Required work: Everything from the first line of the records to the line containing "by (metis in_neighbours_iff singletonD)", inclusive, is to be extracted exactly, and nothing more.

Data excerpts:
text \<open>If a leaf \<open>v\<close> has different neighbours \<open>x\<close> in \<open>G\<close> and \<open>w\<close> in \<open>H\<close>, one u-switch moves it to a
  common neighbour: in \<open>G\<close> onto \<open>w\<close> if \<open>w\<close> has degree at least 3, else in \<open>H\<close> onto \<open>x\<close>.\<close>
lemma leaf_common_neighbour:
  assumes G: "unicyclic_on V G" and H: "unicyclic_on V H"
    and deg: "\<forall>u\<in>V. degree G u = degree H u" and v: "v \<in> V" "degree G v = 1"
  obtains G1 H1 x where "u_reachable V G G1" "u_reachable V H1 H" "unicyclic_on V G1" "unicyclic_on V H1"
    "\<forall>u\<in>V. degree G1 u = degree H1 u" "neighbours G1 v = {x}" "neighbours H1 v = {x}"
proof -
  have simple: "simple_on V G" "simple_on V H" using G H unfolding unicyclic_on_def by auto
  obtain x where x: "neighbours G v = {x}" using degree_one_neighbours[OF simple(1) v(2)] by blast
  obtain w where w: "neighbours H v = {w}" using degree_one_neighbours[OF simple(2)] deg v by metis
  have xV: "x \<in> V" "x \<noteq> v" using simple_on_doubleton[OF simple(1) neighbours_singletonD[OF x]] by auto
  have wV: "w \<in> V" "w \<noteq> v" using simple_on_doubleton[OF simple(2) neighbours_singletonD[OF w]] by auto
  have new_leaf: "neighbours K v = {y}" if "unicyclic_on V K" "degree K v = 1" "{v,y} \<in> K" for K y
    using that degree_one_neighbours[of V K v] unfolding unicyclic_on_def
    by (metis in_neighbours_iff singletonD)
  consider "x = w" | "x \<noteq> w" "3 \<le> degree G w" | "x \<noteq> w" "\<not> 3 \<le> degree G w" by blast
  then show thesis
  proof cases
    case 1
    then show thesis using that[OF u_reachable_refl u_reachable_refl G H deg x] w by simp
  next
    case 2
    then obtain z where z: "u_switch_on V (v,x,w,z) G" "{v,w} \<in> two_switch (v,x,w,z) G"
      using leaf_relocation_switch[OF G x wV(1,2)] by metis
    let ?G1 = "two_switch (v,x,w,z) G"
    have G1: "unicyclic_on V ?G1" using z(1) unfolding u_switch_on_def by simp
    have deg1: "\<forall>u\<in>V. degree ?G1 u = degree H u" using u_switch_on_degree[OF G z(1)] deg by simp
    have "neighbours ?G1 v = {w}" using new_leaf[OF G1 _ z(2)] deg1 deg v by simp
    then show thesis
      using that[OF u_reachable_step[OF z(1) u_reachable_refl] u_reachable_refl G1 H deg1] w by blast
  next
    case 3
    have "2 \<le> degree H x" "degree H w = 2"
      using leaf_neighbour_degree[OF G v(1) x] leaf_neighbour_degree[OF H v(1) w] 3(2) deg xV wV
      by auto
    then obtain z where z: "u_switch_on V (v,w,x,z) H" "{v,x} \<in> two_switch (v,w,x,z) H"
      using leaf_relocation_switch[OF H w xV(1,2)] 3(1) by metis
    let ?H1 = "two_switch (v,w,x,z) H"
    have H1: "unicyclic_on V ?H1" using z(1) unfolding u_switch_on_def by simp
    have deg1: "\<forall>u\<in>V. degree G u = degree ?H1 u" using u_switch_on_degree[OF H z(1)] deg by simp
    have "neighbours ?H1 v = {x}" using new_leaf[OF H1 _ z(2)] deg1 v by simp
    moreover have "u_reachable V ?H1 H"
      using u_reachable_sym[OF H u_reachable_step[OF z(1) u_reachable_refl]] .
    ultimately show thesis using that[OF u_reachable_refl _ G H1 deg1 x] by blast
  qed
qed

lemma unicyclic_on_u_reachable:
  assumes "unicyclic_on V G" "unicyclic_on V H" "\<forall>u\<in>V. degree G u = degree H u"
  shows "u_reachable V G H"
  using assms
proof (induction "card V" arbitrary: V G H rule: less_induct)
  case less
  show ?case
  proof (cases "\<exists>v\<in>V. degree G v = 1")
    case True
    then obtain v where v: "v \<in> V" "degree G v = 1" by blast
    obtain G1 H1 x where reach: "u_reachable V G G1" "u_reachable V H1 H"
      and G1: "unicyclic_on V G1" "unicyclic_on V H1" "\<forall>u\<in>V. degree G1 u = degree H1 u"
      and x: "neighbours G1 v = {x}" "neighbours H1 v = {x}"
      using leaf_common_neighbour[OF less.prems v] by blast
    have "finite V" using less.prems(1) unfolding unicyclic_on_def by simp
    then have "card (V - {v}) < card V" using v(1) by (rule card_Diff1_less)
    then have "u_reachable V G1 H1"
      using u_reachable_common_leaf[OF G1 v(1) x] less.hyps by blast
    then show ?thesis using reach u_reachable_trans by blast
  next
    case False
    then have "\<forall>v\<in>V. degree G v = 2" "\<forall>v\<in>V. degree H v = 2"
      using no_leaf_two_regular[OF less.prems(1)] less.prems(3) by auto
    then show ?thesis using two_regular_u_reachable[OF less.prems(1,2)] by blast
  qed
qed

theorem theorem3p9:
  fixes s :: "nat list" and U U' :: graph
  assumes "U \<in> U_set s" and "U' \<in> U_set s"
  shows "\<exists>As. u_switch_seq (length s) As U \<and> apply_switches As U = U'"
proof -
  define n where "n = length s"
  have "map (degree U) [1..<n+1] = map (degree U') [1..<n+1]"
    using assms unfolding U_set_def deg_seq_def n_def by simp
  then have "\<forall>u\<in>set [1..<n+1]. degree U u = degree U' u" by (simp only: map_eq_conv)
  moreover have "set [1..<n+1] = {1..n}" by auto
  ultimately have "\<forall>u\<in>{1..n}. degree U u = degree U' u" by (simp only:)
  moreover have "unicyclic_on {1..n} U" "unicyclic_on {1..n} U'"
    using assms unfolding U_set_def n_def by (auto simp: unicyclic_iff_unicyclic_on)
  ultimately have "u_reachable {1..n} U U'" using unicyclic_on_u_reachable by blast
  then show ?thesis unfolding u_reachable_def n_def u_switch_seq_on_iff by blast
qed

end
lemma minor_steps_delete_edges:
  assumes "finite E" "E' \<subseteq> E"
  shows "minor_step\<^sup>*\<^sup>* (V, E) (V, E')"
proof -
  have "minor_step\<^sup>*\<^sup>* (V, E' \<union> D) (V, E')" if "finite D" for D
    using that
  proof (induction D rule: finite_induct)
    case (insert y D)
    show ?case
    proof (cases "y \<in> E'")
      case True
      with insert.IH show ?thesis
        by (simp add: insert_absorb)
    next
      case False
      with insert.hyps have "(E' \<union> insert y D) - {y} = E' \<union> D"
        by auto
      with minor_step.del_edge[of y "E' \<union> insert y D" V] insert.IH show ?thesis
        by (metis Un_insert_right converse_rtranclp_into_rtranclp insertI1)
    qed
  qed simp
  from this[of "E - E'"] assms show ?thesis
    by (simp add: Un_absorb1 finite_subset)
qed

lemma W6_edges:
  "snd W6 = {{0,1},{1,2},{2,3},{3,4},{4,5},{5,0},{0,6},{1,6},{2,6},{3,6},{4,6},{5,6}}"
proof -
  have six: "{..<6::nat} = {0,1,2,3,4,5}" by auto
  have "{{i, (i + 1) mod 6} | i::nat. i < 6} = (\<lambda>i. {i, (i + 1) mod 6}) ` {..<6}" by auto
  also have "\<dots> = {{0,1},{1,2},{2,3},{3,4},{4,5},{5,0}}" unfolding six
    by (simp only: image_insert image_empty) (simp del: One_nat_def add_2_eq_Suc add_2_eq_Suc')
  finally have rim: "{{i, (i + 1) mod 6} | i::nat. i < 6} = {{0,1},{1,2},{2,3},{3,4},{4,5},{5,0}}" .
  have "{{i, 6} | i::nat. i < 6} = (\<lambda>i. {i, 6}) ` {..<6}" by auto
  also have "\<dots> = {{0,6},{1,6},{2,6},{3,6},{4,6},{5,6}}" unfolding six
    by (simp only: image_insert image_empty)
  finally have spokes: "{{i, 6} | i::nat. i < 6} = {{0,6},{1,6},{2,6},{3,6},{4,6},{5,6}}" .
  show ?thesis unfolding W6_def snd_conv rim spokes by (simp only: Un_insert_left Un_empty_left)
qed
(* Let $G$ be a finitely generated sofic group, $(\mathcal X,d)$ a compact metric space and $\mu\in\mathrm{Prob}(\mathcal X^G,G)$ a periodic measure. (i) There is a sofic model $(V_n,\sigma_n,\mu_n)$ for $(G,\mathcal X,\mu)$ such that $(\Pi_v^{\sigma_n})_*\mu_n=\mu$ for all $n$ and all $v\in V_n$. (ii) If $G$ is residually finite, the sofic model in (i) can be chosen to be a residually finite model.
   Context: $G$ acts on $\mathcal X^G$ (product topology) by $(h.\omega)(g)=\omega(gh)$; $\mathrm{Prob}(\mathcal X^G,G)$ is the set of $G$-invariant Borel probability measures; $\mu$ is periodic if it is invariant with finite support. A sofic approximation is $(V_n,\sigma_n)$, $V_n$ finite, $\sigma_n:G\to\mathrm{Sym}(V_n)$, $g\mapsto\sigma_n^g$, with $|\{v:\sigma_n^g\sigma_n^h(v)=\sigma_n^{gh}(v)\}|/|V_n|\to1$ for all $g,h$ and $|\{v:\sigma_n^g(v)\ne v\}|/|V_n|\to1$ for $g\ne e$. $\Pi_v^{\sigma_n}(\rho)=(\rho(\sigma_n^g(v)))_{g\in G}$ for $\rho\in\mathcal X^{V_n}$. A sofic model is $(V_n,\sigma_n,\mu_n)$ with $(V_n,\sigma_n)$ a sofic approximation and $\mu_n\in\mathrm{Prob}(\mathcal X^{V_n})$ such that $|\{v:(\Pi_v^{\sigma_n})_*\mu_n\in\mathcal O\}|/|V_n|\to1$ for every weak* neighbourhood $\mathcal O$ of $\mu$. A residually finite approximation: finite-index normal $\Gamma_n$ with $\Gamma_{n+1}\le\Gamma_n$, $\bigcap\Gamma_n=\{e\}$, $V_n=G/\Gamma_n$, $\sigma_n^g(v\Gamma_n)=gv\Gamma_n$. A residually finite model is a sofic model whose approximation is residually finite and whose $\mu_n$ are invariant under the action of the finite group $V_n$ on $\mathcal X^{V_n}$ by $(w.\rho)(v)=\rho(vw)$. *)

theory Defs
  imports "HOL-Probability.Probability" "HOL-Algebra.Generated_Groups" "HOL-Algebra.Left_Coset"
begin

text \<open>Groups are HOL-Algebra groups whose carrier is the whole type 'g.
  The shift space X^G is the function type 'g => 'x with the product topology
  (instance from Function_Topology), carrying its Borel sigma-algebra.\<close>

definition finitely_generated :: "('g, 'b) monoid_scheme \<Rightarrow> bool" where
  "finitely_generated G \<longleftrightarrow>
     (\<exists>S. finite S \<and> S \<subseteq> carrier G \<and> generate G S = carrier G)"

definition shift :: "('g, 'b) monoid_scheme \<Rightarrow> 'g \<Rightarrow> ('g \<Rightarrow> 'x) \<Rightarrow> ('g \<Rightarrow> 'x)" where
  "shift G h \<omega> = (\<lambda>g. \<omega> (g \<otimes>\<^bsub>G\<^esub> h))"

definition invariant_prob ::
  "('g, 'b) monoid_scheme \<Rightarrow> ('g \<Rightarrow> 'x::topological_space) measure \<Rightarrow> bool" where
  "invariant_prob G \<mu> \<longleftrightarrow>
     prob_space \<mu> \<and> sets \<mu> = sets borel \<and>
     (\<forall>h\<in>carrier G. distr \<mu> borel (shift G h) = \<mu>)"

definition measure_support :: "('a::topological_space) measure \<Rightarrow> 'a set" where
  "measure_support \<mu> = {x. \<forall>U. open U \<longrightarrow> x \<in> U \<longrightarrow> emeasure \<mu> U > 0}"

definition periodic_measure ::
  "('g, 'b) monoid_scheme \<Rightarrow> ('g \<Rightarrow> 'x::topological_space) measure \<Rightarrow> bool" where
  "periodic_measure G \<mu> \<longleftrightarrow> invariant_prob G \<mu> \<and> finite (measure_support \<mu>)"

definition sofic_approx ::
  "('g, 'b) monoid_scheme \<Rightarrow> (nat \<Rightarrow> 'v set) \<Rightarrow> (nat \<Rightarrow> 'g \<Rightarrow> 'v \<Rightarrow> 'v) \<Rightarrow> bool" where
  "sofic_approx G V \<sigma> \<longleftrightarrow>
     (\<forall>n. finite (V n)) \<and>
     (\<forall>n. \<forall>g\<in>carrier G. bij_betw (\<sigma> n g) (V n) (V n)) \<and>
     (\<forall>g\<in>carrier G. \<forall>h\<in>carrier G.
        (\<lambda>n. real (card {v\<in>V n. \<sigma> n g (\<sigma> n h v) = \<sigma> n (g \<otimes>\<^bsub>G\<^esub> h) v})
              / real (card (V n))) \<longlonglongrightarrow> 1) \<and>
     (\<forall>g\<in>carrier G. g \<noteq> \<one>\<^bsub>G\<^esub> \<longrightarrow>
        (\<lambda>n. real (card {v\<in>V n. \<sigma> n g v \<noteq> v}) / real (card (V n))) \<longlonglongrightarrow> 1)"

definition sofic_group :: "('g, 'b) monoid_scheme \<Rightarrow> bool" where
  "sofic_group G \<longleftrightarrow> (\<exists>(V :: nat \<Rightarrow> nat set) \<sigma>. sofic_approx G V \<sigma>)"

definition Pi_v :: "(nat \<Rightarrow> 'g \<Rightarrow> 'v \<Rightarrow> 'v) \<Rightarrow> nat \<Rightarrow> 'v \<Rightarrow> ('v \<Rightarrow> 'x) \<Rightarrow> ('g \<Rightarrow> 'x)" where
  "Pi_v \<sigma> n v \<rho> = (\<lambda>g. \<rho> (\<sigma> n g v))"

definition weak_star_nhd :: "('a::topological_space) measure \<Rightarrow> 'a measure set \<Rightarrow> bool" where
  "weak_star_nhd \<mu> U \<longleftrightarrow>
     (\<exists>(F :: ('a \<Rightarrow> real) set) e. finite F \<and> e > 0 \<and> (\<forall>f\<in>F. continuous_on UNIV f) \<and>
        {\<nu>. prob_space \<nu> \<and> sets \<nu> = sets borel \<and>
             (\<forall>f\<in>F. \<bar>(\<integral>x. f x \<partial>\<nu>) - (\<integral>x. f x \<partial>\<mu>)\<bar> < e)} \<subseteq> U)"

text \<open>Measures on X^{V_n}: probability measures on the product space
  PiM (V n) (%_. borel) (extensional functions on V n).\<close>
definition sofic_model ::
  "('g, 'b) monoid_scheme \<Rightarrow> ('g \<Rightarrow> 'x::topological_space) measure \<Rightarrow>
   (nat \<Rightarrow> 'v set) \<Rightarrow> (nat \<Rightarrow> 'g \<Rightarrow> 'v \<Rightarrow> 'v) \<Rightarrow> (nat \<Rightarrow> ('v \<Rightarrow> 'x) measure) \<Rightarrow> bool" where
  "sofic_model G \<mu> V \<sigma> \<mu>s \<longleftrightarrow>
     sofic_approx G V \<sigma> \<and>
     (\<forall>n. prob_space (\<mu>s n) \<and> sets (\<mu>s n) = sets (PiM (V n) (\<lambda>_. borel))) \<and>
     (\<forall>U. weak_star_nhd \<mu> U \<longrightarrow>
        (\<lambda>n. real (card {v\<in>V n. distr (\<mu>s n) borel (Pi_v \<sigma> n v) \<in> U})
              / real (card (V n))) \<longlonglongrightarrow> 1)"

definition residually_finite :: "('g, 'b) monoid_scheme \<Rightarrow> bool" where
  "residually_finite G \<longleftrightarrow>
     (\<forall>g\<in>carrier G. g \<noteq> \<one>\<^bsub>G\<^esub> \<longrightarrow>
        (\<exists>N. N \<lhd> G \<and> finite (rcosets\<^bsub>G\<^esub> N) \<and> g \<notin> N))"

definition rf_chain :: "('g, 'b) monoid_scheme \<Rightarrow> (nat \<Rightarrow> 'g set) \<Rightarrow> bool" where
  "rf_chain G \<Gamma> \<longleftrightarrow>
     (\<forall>n. \<Gamma> n \<lhd> G \<and> finite (lcosets\<^bsub>G\<^esub> (\<Gamma> n))) \<and>
     (\<forall>n. \<Gamma> (Suc n) \<subseteq> \<Gamma> n) \<and>
     (\<Inter>n. \<Gamma> n) = {\<one>\<^bsub>G\<^esub>}"

definition rf_V :: "('g, 'b) monoid_scheme \<Rightarrow> (nat \<Rightarrow> 'g set) \<Rightarrow> nat \<Rightarrow> 'g set set" where
  "rf_V G \<Gamma> n = lcosets\<^bsub>G\<^esub> (\<Gamma> n)"

definition rf_\<sigma> :: "('g, 'b) monoid_scheme \<Rightarrow> nat \<Rightarrow> 'g \<Rightarrow> 'g set \<Rightarrow> 'g set" where
  "rf_\<sigma> G n g C = g <#\<^bsub>G\<^esub> C"

definition rf_model ::
  "('g, 'b) monoid_scheme \<Rightarrow> ('g \<Rightarrow> 'x::topological_space) measure \<Rightarrow>
   (nat \<Rightarrow> 'g set) \<Rightarrow> (nat \<Rightarrow> ('g set \<Rightarrow> 'x) measure) \<Rightarrow> bool" where
  "rf_model G \<mu> \<Gamma> \<mu>s \<longleftrightarrow>
     rf_chain G \<Gamma> \<and>
     sofic_model G \<mu> (rf_V G \<Gamma>) (rf_\<sigma> G) \<mu>s \<and>
     (\<forall>n. \<forall>w\<in>rf_V G \<Gamma> n.
        distr (\<mu>s n) (PiM (rf_V G \<Gamma> n) (\<lambda>_. borel))
          (\<lambda>\<rho>. \<lambda>v\<in>rf_V G \<Gamma> n. \<rho> (v <#>\<^bsub>G\<^esub> w)) = \<mu>s n)"

end
(* Let $V$ be a finite-dimensional irreducible $\mathfrak{W}_q$-module. Then there exists a unique quadruple $(m,n,\delta,\lambda)$ with $m,n\in\mathbb N$, $\delta\in\{\pm1\}$, $\lambda\in\mathbb C\setminus\{0\}$ such that $V$ is isomorphic to the $\mathfrak{W}_q$-module $(L_m\otimes L_n)^{\delta,\lambda}$.
   Context: Throughout, $q$ is a nonzero complex number that is not a root of unity; $[x,y]=xy-yx$, $[x,y]_q=qxy-q^{-1}yx$, $[n]_q=\frac{q^n-q^{-n}}{q-q^{-1}}$. $\mathfrak{W}_q$ is the algebra over $\mathbb C$ generated by $E_1,E_2,F_1,F_2,K_1^{\pm1},K_2^{\pm1},I^{\pm1}$ subject to: $I$ is central; $II^{-1}=I^{-1}I=1$, $K_1K_1^{-1}=K_1^{-1}K_1=1$, $K_2K_2^{-1}=K_2^{-1}K_2=1$; $[K_1,E_2]=[K_1,F_2]=[K_1,K_2]=[K_2,E_1]=[K_2,F_1]=0$; $[E_1,K_1]_q=[K_1,F_1]_q=[E_2,K_2]_q=[K_2,F_2]_q=0$; $[E_1,E_2]=[E_1,F_2]=[F_1,E_2]=[F_1,F_2]=0$; $[E_1,F_1]=\frac{K_1-IK_1^{-1}}{q-q^{-1}}$; $[E_2,F_2]=\frac{IK_2-K_2^{-1}}{q-q^{-1}}$. For $m,n\in\mathbb N$, $\delta\in\{\pm1\}$, $\lambda\in\mathbb C\setminus\{0\}$, $(L_m\otimes L_n)^{\delta,\lambda}$ denotes the $(m+1)(n+1)$-dimensional $\mathfrak{W}_q$-module with basis $v_i^{(m)}\otimes v_j^{(n)}$ ($0\le i\le m$, $0\le j\le n$) on which: $E_1v_i^{(m)}\otimes v_j^{(n)}=\lambda[i]_q[m-i+1]_qv_{i-1}^{(m)}\otimes v_j^{(n)}$ (zero if $i=0$); $E_2v_i^{(m)}\otimes v_j^{(n)}=\delta\lambda[j]_q[n-j+1]_qv_i^{(m)}\otimes v_{j-1}^{(n)}$ (zero if $j=0$); $F_1v_i^{(m)}\otimes v_j^{(n)}=v_{i+1}^{(m)}\otimes v_j^{(n)}$ (zero if $i=m$); $F_2v_i^{(m)}\otimes v_j^{(n)}=v_i^{(m)}\otimes v_{j+1}^{(n)}$ (zero if $j=n$); $K_1$ acts on $v_i^{(m)}\otimes v_j^{(n)}$ by $\lambda q^{m-2i}$; $K_2$ by $\delta\lambda^{-1}q^{n-2j}$; $I$ by $\lambda^2$. (Equivalently it is the pullback via $E_i\mapsto E_i$ etc. of $L_m\otimes L_n$, with $L_n$ the $(n+1)$-dimensional irreducible $U_q(\mathfrak{sl}_2)$-module of type $1$, twisted by the automorphism $E_1\mapsto\lambda E_1$, $E_2\mapsto\delta\lambda E_2$, $F_i\mapsto F_i$, $K_1^{\pm1}\mapsto\lambda^{\pm1}K_1^{\pm1}$, $K_2^{\pm1}\mapsto\delta\lambda^{\mp1}K_2^{\pm1}$, $I^{\pm1}\mapsto\lambda^{\pm2}I^{\pm1}$.) *)

theory Defs
  imports Complex_Main "HOL-Library.Function_Algebras"
begin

Written reply:
text \<open>If a leaf \<open>v\<close> has different neighbours \<open>x\<close> in \<open>G\<close> and \<open>w\<close> in \<open>H\<close>, one u-switch moves it to a
  common neighbour: in \<open>G\<close> onto \<open>w\<close> if \<open>w\<close> has degree at least 3, else in \<open>H\<close> onto \<open>x\<close>.\<close>
lemma leaf_common_neighbour:
  assumes G: "unicyclic_on V G" and H: "unicyclic_on V H"
    and deg: "\<forall>u\<in>V. degree G u = degree H u" and v: "v \<in> V" "degree G v = 1"
  obtains G1 H1 x where "u_reachable V G G1" "u_reachable V H1 H" "unicyclic_on V G1" "unicyclic_on V H1"
    "\<forall>u\<in>V. degree G1 u = degree H1 u" "neighbours G1 v = {x}" "neighbours H1 v = {x}"
proof -
  have simple: "simple_on V G" "simple_on V H" using G H unfolding unicyclic_on_def by auto
  obtain x where x: "neighbours G v = {x}" using degree_one_neighbours[OF simple(1) v(2)] by blast
  obtain w where w: "neighbours H v = {w}" using degree_one_neighbours[OF simple(2)] deg v by metis
  have xV: "x \<in> V" "x \<noteq> v" using simple_on_doubleton[OF simple(1) neighbours_singletonD[OF x]] by auto
  have wV: "w \<in> V" "w \<noteq> v" using simple_on_doubleton[OF simple(2) neighbours_singletonD[OF w]] by auto
  have new_leaf: "neighbours K v = {y}" if "unicyclic_on V K" "degree K v = 1" "{v,y} \<in> K" for K y
    using that degree_one_neighbours[of V K v] unfolding unicyclic_on_def
    by (metis in_neighbours_iff singletonD)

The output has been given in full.